Casey Cole, O.F.M., is an American Franciscan friar, Catholic priest, writer, and blogger. Cole runs his own online blog and YouTube channel called Breaking in the Habit and is the author of the books Let Go: Seven Stumbling Blocks to Christian Discipleship and Called: What Happens After Saying Yes to God.

Biography

Early life 
Cole grew up in Lancaster, Pennsylvania, before moving to Cary, North Carolina. He was a parishioner at St. Michael the Archangel Catholic Church in Cary. Cole attended Green Hope High School and, in 2011, graduated from Furman University with a degree in religious studies and a minor in poverty studies.

In August 2011, Cole was received as a postulant in the Order of Friars Minor.

Media career and onward 
Later in 2011, he began his blog called Breaking in the Habit, writing about considering joining the priesthood, later adding a podcast and a YouTube channel.

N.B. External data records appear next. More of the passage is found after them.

lemma poisson_log_sobolev:
  fixes P :: "nat pmf"
  assumes l: "l > 0" and supp: "set_pmf P \<subseteq> {..m}"
    and no_gap: "\<And>x. pmf P x = 0 \<Longrightarrow> pmf P (Suc x) = 0"
      \<comment> \<open>otherwise the right-hand side should be infinite, but \<open>x / 0 = 0\<close> makes it finite\<close>
  shows "rel_entropy P (poisson_pmf l) \<le> ereal (scaled_fisher l m (pmf P) / l)"
proof -
  define w where "w = pmf P"
  have w_above: "w x = 0" if "m < x" for x
    using supp that unfolding w_def by (auto simp: set_pmf_iff)
  have "eventually (\<lambda>k. (\<Sum>x\<le>m. w x * ln (w x / binomial_prob k (l / real k) x))
      \<le> (\<Sum>t\<le>m. poisson_chi_term l w (1 / real k) t)) sequentially"
    using eventually_sequentially_gt_real[of m l]
  proof (rule eventually_mono, elim conjE)
    fix k assume mk: "m < k" and lk: "l < real k"
    have "(\<Sum>x\<le>m. w x * ln (w x / binomial_prob k (l / real k) x)) = binomial_div k (l / real k) w"
      using supp mk w_above unfolding w_def by (intro binomial_div_eq_sum_support[symmetric] sum_pmf_eq_1) auto
    also have "\<dots> \<le> (\<Sum>t\<le>m. poisson_chi_term l w (1 / real k) t)"
      using l lk mk w_above unfolding w_def by (intro binomial_div_le_poisson_chi_term) auto
    finally show "(\<Sum>x\<le>m. w x * ln (w x / binomial_prob k (l / real k) x))
        \<le> (\<Sum>t\<le>m. poisson_chi_term l w (1 / real k) t)" .
  qed
  moreover have "(\<lambda>k. \<Sum>x\<le>m. w x * ln (w x / binomial_prob k (l / real k) x))
      \<longlonglongrightarrow> (\<Sum>x\<le>m. w x * ln (w x / pmf (poisson_pmf l) x))"
  proof (intro tendsto_sum)
    fix x
    show "(\<lambda>k. w x * ln (w x / binomial_prob k (l / real k) x)) \<longlonglongrightarrow> w x * ln (w x / pmf (poisson_pmf l) x)"
    proof (cases "w x = 0")
      case False
      moreover have "w x \<ge> 0"
        unfolding w_def by simp
      ultimately show ?thesis
        using l by (intro tendsto_intros binomial_prob_tendsto_poisson) auto
    qed simp
  qed
  moreover have "(\<lambda>k. \<Sum>t\<le>m. poisson_chi_term l w (1 / real k) t) \<longlonglongrightarrow> scaled_fisher l m w / l"
    unfolding scaled_fisher_def sum_divide_distrib
    using l no_gap unfolding w_def by (intro tendsto_sum poisson_chi_term_tendsto) auto
  ultimately have "(\<Sum>x\<le>m. w x * ln (w x / pmf (poisson_pmf l) x)) \<le> scaled_fisher l m w / l"
    by (intro tendsto_le[OF trivial_limit_sequentially]) auto
  moreover have "rel_entropy P (poisson_pmf l) = ereal (\<Sum>x\<le>m. w x * ln (w x / pmf (poisson_pmf l) x))"
    unfolding w_def using supp l by (intro rel_entropy_eq_sum) auto
  ultimately show ?thesis
    unfolding w_def by simp
qed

He was received as a Franciscan novice in August 2012, where, in 2013, he made his first profession with novices from seven North American provinces in Burlington, Wisconsin at the Franciscan Interprovincial Novitiate. He studied at The Catholic University of America from 2013 to 2016, working towards a master of divinity degree. In 2016, Cole began serving at Immaculate Conception Catholic Church in Durham, a Franciscan parish, and professed his final vows as a Franciscan friar in 2017. In March 2018, he was ordained a deacon.

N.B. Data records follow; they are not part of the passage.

lemma INF_SUP_eq_SUP_INF:
  assumes lower_value: "(SUP w. INF v. ereal (g v w)) = ereal s"
  shows "(INF v. SUP w. ereal (g v w)) = (SUP w. INF v. ereal (g v w))"
proof (rule antisym)
  show "(INF v. SUP w. ereal (g v w)) \<le> (SUP w. INF v. ereal (g v w))"
  proof (rule ereal_le_epsilon2)
    fix e :: real
    assume "0 < e"
    define \<delta> where "\<delta> = e / (3 * (2 * c\<^sup>2 + 1) + 1)"
    have denom: "0 < 3 * (2 * c\<^sup>2 + 1) + 1" by (simp add: add_pos_nonneg)
    then have "0 < \<delta>" using \<open>0 < e\<close> by (simp add: \<delta>_def)
    with lower_value obtain v0 w0
      where "\<And>v. g v0 w0 - \<delta> \<le> g v w0" "s \<le> g v0 w0 + \<delta>" "g v0 w0 \<le> s + \<delta>"
      using SUP_INF_approximate_saddle by blast
    moreover have "(INF v. ereal (g v w)) \<le> ereal s" for w
      using lower_value by (metis SUP_upper UNIV_I)
    ultimately have "g v0 w \<le> s + \<delta> + 3 * (2 * c\<^sup>2 + 1) * \<delta>" for w
      using bound_at_approximate_saddle[of s v0 w0 \<delta> w] by simp
    also have "s + \<delta> + 3 * (2 * c\<^sup>2 + 1) * \<delta> = s + \<delta> * (3 * (2 * c\<^sup>2 + 1) + 1)"
      by (simp add: algebra_simps)
    also have "\<dots> = s + e"
      using denom by (simp add: \<delta>_def)
    finally have "(SUP w. ereal (g v0 w)) \<le> ereal (s + e)"
      by (auto intro: SUP_least)
    then show "(INF v. SUP w. ereal (g v w)) \<le> (SUP w. INF v. ereal (g v w)) + ereal e"
      using lower_value by (simp add: INF_lower2)
  qed
qed (rule SUP_INF_le_INF_SUP)

end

In 2019, he received a master of divinity from Catholic Theological Union in Chicago.

On June 22, 2019, Cole was ordained a priest of the Franciscan Order by Luis R. Zarama, the Bishop of Raleigh, at Immaculate Conception Catholic Church. At Cole's insistence, all lay liturgical ministers who assisted in the celebration of the Mass were women.

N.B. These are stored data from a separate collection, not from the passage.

text \<open>
  Write Q_i = R_i / I_0 R_i. As p = 0 in Q_i, the Frobenius of Q_i is a ring endomorphism;
  reading it through the injective induced map t_i shows that the Frobenius projection F_i is a ring
  homomorphism, surjective by hypothesis. Since t_i (F_i w) = w^p, F_i w is nilpotent only if
  w is, so F_i induces isomorphisms G_i : (Q_(i+1))_red -> (Q_i)_red, and G_i composed with the
  reduced transition map is the Frobenius of (Q_i)_red because F_i (t_i x) = x^p. The
  composites G_0 o ... o G_(i-1) therefore identify the reduced tower with A -> A -> ...,
  A = (Q_0)_red, all maps being the Frobenius.
\<close>

section \<open>The Frobenius in characteristic p\<close>

lemma (in cring) binomial_expansion:
  assumes a: "a \<in> carrier R" and b: "b \<in> carrier R"
  shows "(a \<oplus> b) [^] n = (\<Oplus>k\<in>{..n}. [(n choose k)] \<cdot> (a [^] k \<otimes> b [^] (n - k)))"
proof (induction n)
  case 0
  then show ?case using a b by simp
next
  case (Suc n)
  define S where "S = (\<Oplus>k\<in>{..n}. [(n choose k)] \<cdot> (a [^] k \<otimes> b [^] (n - k)))"
  define g where "g k = [(n choose k)] \<cdot> (a [^] k \<otimes> b [^] (Suc n - k))" for k
  define h where "h k = [(Suc n choose k)] \<cdot> (a [^] k \<otimes> b [^] (Suc n - k))" for k
  have S: "S \<in> carrier R" unfolding S_def using a b by (intro finsum_closed) auto
  have g: "g \<in> {..Suc n} \<rightarrow> carrier R" and h: "h \<in> {..Suc n} \<rightarrow> carrier R"
    unfolding g_def h_def using a b by auto
  have aS: "a \<otimes> S = (\<Oplus>k\<in>{..n}. [(n choose k)] \<cdot> (a [^] Suc k \<otimes> b [^] (n - k)))"
    unfolding S_def using a b
    by (subst finsum_rdistr) (auto intro!: finsum_cong' simp: add_pow_rdistr m_assoc[symmetric] m_comm[of a])
  have "b \<otimes> S = (\<Oplus>k\<in>{..n}. g k)"
    unfolding S_def g_def using a b
    by (subst finsum_rdistr) (auto intro!: finsum_cong' simp: add_pow_rdistr m_lcomm m_comm[of _ b] Suc_diff_le)
  also have "\<dots> = (\<Oplus>k\<in>{..Suc n}. g k)"
    using finsum_Suc[OF g] g by (simp add: g_def binomial_eq_0 Pi_def finsum_closed)
  also have "\<dots> = (\<Oplus>k\<in>{..n}. g (Suc k)) \<oplus> g 0"
    by (rule finsum_Suc2[OF g])
  finally have bS: "b \<otimes> S = (\<Oplus>k\<in>{..n}. [(n choose Suc k)] \<cdot> (a [^] Suc k \<otimes> b [^] (n - k))) \<oplus> b [^] Suc n"
    using b by (simp add: g_def)
  have "(\<Oplus>k\<in>{..Suc n}. h k) = (\<Oplus>k\<in>{..n}. h (Suc k)) \<oplus> h 0"
    by (rule finsum_Suc2[OF h])
  also have "h 0 = b [^] Suc n" unfolding h_def using b by simp
  also have "(\<Oplus>k\<in>{..n}. h (Suc k)) = (\<Oplus>k\<in>{..n}. [(n choose k)] \<cdot> (a [^] Suc k \<otimes> b [^] (n - k))
      \<oplus> [(n choose Suc k)] \<cdot> (a [^] Suc k \<otimes> b [^] (n - k)))"
    unfolding h_def using a b by (intro finsum_cong') (auto simp: add.nat_pow_mult)
  also have "\<dots> = a \<otimes> S \<oplus> (\<Oplus>k\<in>{..n}. [(n choose Suc k)] \<cdot> (a [^] Suc k \<otimes> b [^] (n - k)))"
    unfolding aS using a b by (subst finsum_addf) auto
  finally have "(\<Oplus>k\<in>{..Suc n}. h k) = a \<otimes> S \<oplus> b \<otimes> S"
    unfolding bS using a b S by (simp add: a_assoc finsum_closed)
  also have "\<dots> = (a \<oplus> b) [^] Suc n"
    using Suc.IH a b S by (simp add: S_def[symmetric] r_distr m_comm)
  finally show ?case by (simp add: h_def)
qed

lemma (in ring) add_pow_eq_zero_if_char_dvd:
  assumes char: "[(p::nat)] \<cdot> \<one> = \<zero>" and x: "x \<in> carrier R" and "p dvd m"
  shows "[m] \<cdot> x = \<zero>"
proof -
  obtain q where m: "m = p * q" using \<open>p dvd m\<close> by blast
  have "[p] \<cdot> x = \<zero>" using add_pow_ldistr[of \<one> x p] x char by simp
  then show ?thesis using x m add.nat_pow_pow[of x q p] by simp
qed

lemma (in cring) freshman_dream:
  assumes p: "Factorial_Ring.prime (p::nat)" and char: "[p] \<cdot> \<one> = \<zero>"
    and a: "a \<in> carrier R" and b: "b \<in> carrier R"
  shows "(a \<oplus> b) [^] p = a [^] p \<oplus> b [^] p"
proof -
  define f where "f k = [(p choose k)] \<cdot> (a [^] k \<otimes> b [^] (p - k))" for k
  have f_closed: "f k \<in> carrier R" for k unfolding f_def using a b by auto
  have "p > 0" using p prime_gt_0_nat by blast
  then have split: "{..p} = insert p (insert 0 {1..<p})" by auto
  have middle: "(\<Oplus>k\<in>{1..<p}. f k) = \<zero>"
  proof -
    have "(\<Oplus>k\<in>{1..<p}. f k) = (\<Oplus>k\<in>{1..<p}. \<zero>)"
      unfolding f_def using a b
      by (intro finsum_cong') (auto intro!: add_pow_eq_zero_if_char_dvd[OF char] dvd_choose_prime p)
    then show ?thesis by simp
  qed
  have "(a \<oplus> b) [^] p = (\<Oplus>k\<in>{..p}. f k)" unfolding f_def by (rule binomial_expansion[OF a b])
  also have "\<dots> = f p \<oplus> (f 0 \<oplus> (\<Oplus>k\<in>{1..<p}. f k))"
    unfolding split using \<open>p > 0\<close> by (simp add: finsum_insert f_closed)
  also have "\<dots> = a [^] p \<oplus> b [^] p"
    unfolding middle by (simp add: f_def a b)
  finally show ?thesis .
qed

lemma frob_ring_hom:
  assumes "cring R" and "Factorial_Ring.prime (p::nat)" and "[p] \<cdot>\<^bsub>R\<^esub> \<one>\<^bsub>R\<^esub> = \<zero>\<^bsub>R\<^esub>"
  shows "frob R p \<in> ring_hom R R"
proof -
  interpret cring R by fact
  show ?thesis
    by (rule ring_hom_memI) (simp_all add: frob_def nat_pow_distrib freshman_dream[OF assms(2,3)])
qed

lemma ring_hom_factor_through_inj:
  assumes "ring A" and "ring B" and \<tau>: "\<tau> \<in> ring_hom A C" and inj: "inj_on \<tau> (carrier A)"
    and f: "f \<in> ring_hom B C"
    and g: "\<And>y. y \<in> carrier B \<Longrightarrow> g y \<in> carrier A \<and> \<tau> (g y) = f y"
  shows "g \<in> ring_hom B A"
proof -
  interpret A: ring A by fact
  interpret B: ring B by fact
  have eq: "g y = x" if "y \<in> carrier B" "x \<in> carrier A" "\<tau> x = f y" for x y
    using inj_onD[OF inj, of "g y" x] g that by auto
  show ?thesis
  proof (rule ring_hom_memI)
    fix y z assume y: "y \<in> carrier B" and z: "z \<in> carrier B"
    show "g (y \<otimes>\<^bsub>B\<^esub> z) = g y \<otimes>\<^bsub>A\<^esub> g z"
      by (rule eq) (use y z g \<tau> f in \<open>auto simp: ring_hom_mult\<close>)
    show "g (y \<oplus>\<^bsub>B\<^esub> z) = g y \<oplus>\<^bsub>A\<^esub> g z"
      by (rule eq) (use y z g \<tau> f in \<open>auto simp: ring_hom_add\<close>)
  next
    show "g \<one>\<^bsub>B\<^esub> = \<one>\<^bsub>A\<^esub>"
      by (rule eq) (use \<tau> f in \<open>auto simp: ring_hom_one\<close>)
  qed (use g in blast)
qed

section \<open>Maps induced on quotient rings\<close>

lemma FactRing_carrier: "carrier (R Quot I) = (+>\<^bsub>R\<^esub>) I ` carrier R"
  by (auto simp: FactRing_def A_RCOSETS_def' a_r_coset_def)

lemma ring_hom_add_pow:
  assumes "h \<in> ring_hom R S" and "ring R" and "ring S" and "x \<in> carrier R"
  shows "h ([(n::nat)] \<cdot>\<^bsub>R\<^esub> x) = [n] \<cdot>\<^bsub>S\<^esub> h x"
proof -
  interpret ring_hom_ring R S h using assms by (intro ring_hom_ringI2) auto
  show ?thesis by (induction n) (auto simp: \<open>x \<in> carrier R\<close>)
qed

lemma (in ideal) quotient_char:
  assumes "[(n::nat)] \<cdot> \<one> \<in> I"
  shows "[n] \<cdot>\<^bsub>R Quot I\<^esub> \<one>\<^bsub>R Quot I\<^esub> = \<zero>\<^bsub>R Quot I\<^esub>"
proof -
  have "[n] \<cdot>\<^bsub>R Quot I\<^esub> \<one>\<^bsub>R Quot I\<^esub> = I +> ([n] \<cdot> \<one>)"
    using ring_hom_add_pow[OF rcos_ring_hom ring_axioms quotient_is_ring, of \<one> n]
    by (simp add: FactRing_def)
  also have "\<dots> = \<zero>\<^bsub>R Quot I\<^esub>" using assms by (simp add: FactRing_def a_rcos_const)
  finally show ?thesis .
qed

lemma quot_map_coset:
  assumes "ring R" and "ring S" and I: "ideal I R" and K: "ideal K S"
    and f: "f \<in> ring_hom R S" and fI: "f ` I \<subseteq> K" and a: "a \<in> carrier R"
  shows "quot_map S K f (I +>\<^bsub>R\<^esub> a) = K +>\<^bsub>S\<^esub> f a"
proof -
  interpret I: ideal I R by fact
  interpret K: ideal K S by fact
  have "\<exists>x. x \<in> I +>\<^bsub>R\<^esub> a" using I.a_rcos_self[OF a] by blast
  then have "(SOME x. x \<in> I +>\<^bsub>R\<^esub> a) \<in> I +>\<^bsub>R\<^esub> a" by (rule someI_ex)
  then obtain i where i: "i \<in> I" and some_eq: "(SOME x. x \<in> I +>\<^bsub>R\<^esub> a) = i \<oplus>\<^bsub>R\<^esub> a"
    unfolding a_r_coset_def' by blast
  have "f (i \<oplus>\<^bsub>R\<^esub> a) = f i \<oplus>\<^bsub>S\<^esub> f a" using ring_hom_add[OF f _ a] i I.Icarr by blast
  moreover have "f i \<in> K" using fI i by blast
  ultimately have "f (i \<oplus>\<^bsub>R\<^esub> a) \<in> K +>\<^bsub>S\<^esub> f a" unfolding a_r_coset_def' by blast
  then show ?thesis
    unfolding quot_map_def some_eq by (rule K.a_repr_independence'[OF _ ring_hom_closed[OF f a], symmetric])
qed

lemma quot_map_ring_hom:
  assumes R: "ring R" and S: "ring S" and I: "ideal I R" and K: "ideal K S"
    and f: "f \<in> ring_hom R S" and fI: "f ` I \<subseteq> K"
  shows "quot_map S K f \<in> ring_hom (R Quot I) (S Quot K)"
proof -
  interpret I: ideal I R by fact
  interpret K: ideal K S by fact
  note coset = quot_map_coset[OF R S I K f fI]
  show ?thesis
  proof (rule ring_hom_memI)
    fix u assume "u \<in> carrier (R Quot I)"
    then obtain a where "a \<in> carrier R" "u = I +>\<^bsub>R\<^esub> a" by (auto simp: FactRing_carrier)
    then show "quot_map S K f u \<in> carrier (S Quot K)"
      using coset ring_hom_closed[OF f] by (auto simp: FactRing_carrier)
  next
    fix u v assume "u \<in> carrier (R Quot I)" "v \<in> carrier (R Quot I)"
    then obtain a b where a: "a \<in> carrier R" "u = I +>\<^bsub>R\<^esub> a" and b: "b \<in> carrier R" "v = I +>\<^bsub>R\<^esub> b"
      by (auto simp: FactRing_carrier)
    show "quot_map S K f (u \<otimes>\<^bsub>R Quot I\<^esub> v) = quot_map S K f u \<otimes>\<^bsub>S Quot K\<^esub> quot_map S K f v"
      using a b f by (simp add: FactRing_def I.rcoset_mult_add K.rcoset_mult_add coset ring_hom_closed ring_hom_mult)
    show "quot_map S K f (u \<oplus>\<^bsub>R Quot I\<^esub> v) = quot_map S K f u \<oplus>\<^bsub>S Quot K\<^esub> quot_map S K f v"
      using a b f by (simp add: FactRing_def I.a_rcos_sum K.a_rcos_sum coset ring_hom_closed ring_hom_add)
  next
    show "quot_map S K f \<one>\<^bsub>R Quot I\<^esub> = \<one>\<^bsub>S Quot K\<^esub>"
      using f by (simp add: FactRing_def coset ring_hom_one)
  qed
qed

lemma quot_map_ring_iso:
  assumes R: "ring R" and S: "ring S" and I: "ideal I R" and K: "ideal K S"
    and f: "f \<in> ring_hom R S" and fI: "f ` I \<subseteq> K"
    and surj: "f ` carrier R = carrier S" and reflect: "\<And>x. x \<in> carrier R \<Longrightarrow> f x \<in> K \<Longrightarrow> x \<in> I"
  shows "quot_map S K f \<in> ring_iso (R Quot I) (S Quot K)"
proof -
  interpret R: ring R by fact
  interpret S: ring S by fact
  interpret f: ring_hom_ring R S f by (rule ring_hom_ringI2) fact+
  note hom = quot_map_ring_hom[OF R S I K f fI]
  note coset = quot_map_coset[OF R S I K f fI]
  have "inj_on (quot_map S K f) (carrier (R Quot I))"
  proof (rule inj_onI)
    fix u v assume "u \<in> carrier (R Quot I)" "v \<in> carrier (R Quot I)"
      and eq: "quot_map S K f u = quot_map S K f v"
    then obtain a b where a: "a \<in> carrier R" "u = I +>\<^bsub>R\<^esub> a" and b: "b \<in> carrier R" "v = I +>\<^bsub>R\<^esub> b"
      by (auto simp: FactRing_carrier)
    have "f a \<ominus>\<^bsub>S\<^esub> f b \<in> K"
      using eq a b coset S.quotient_eq_iff_same_a_r_cos[OF K] by simp
    then have "f (a \<ominus>\<^bsub>R\<^esub> b) \<in> K" using a b by (simp add: a_minus_def f.hom_a_inv)
    then have "a \<ominus>\<^bsub>R\<^esub> b \<in> I" using reflect a b by simp
    then show "u = v" using a b R.quotient_eq_iff_same_a_r_cos[OF I] by simp
  qed
  moreover have "carrier (S Quot K) \<subseteq> quot_map S K f ` carrier (R Quot I)"
  proof
    fix v assume "v \<in> carrier (S Quot K)"
    then obtain a where "a \<in> carrier R" "v = K +>\<^bsub>S\<^esub> f a"
      using surj unfolding FactRing_carrier by (metis imageE)
    then show "v \<in> quot_map S K f ` carrier (R Quot I)"
      using coset by (auto simp: FactRing_carrier)
  qed
  moreover have "quot_map S K f ` carrier (R Quot I) \<subseteq> carrier (S Quot K)"
    using ring_hom_closed[OF hom] by blast
  ultimately show ?thesis using hom unfolding ring_iso_def bij_betw_def by auto
qed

Since 2020, Cole has served as the chaplain of Mount de Sales Academy in Macon, Georgia.

Writings
Cole has written two books, Called: What Happens After Saying Yes to God and Let Go: Seven Stumbling Blocks to Christian Discipleship.

References 

Living people
21st-century American Roman Catholic priests
American Friars Minor
American male bloggers
American bloggers
American Roman Catholic religious writers
American TikTokers
American YouTubers
Catholic Theological Union alumni
Furman University alumni
Franciscan writers
People from Cary, North Carolina
People from Lancaster, Pennsylvania
Year of birth missing (living people)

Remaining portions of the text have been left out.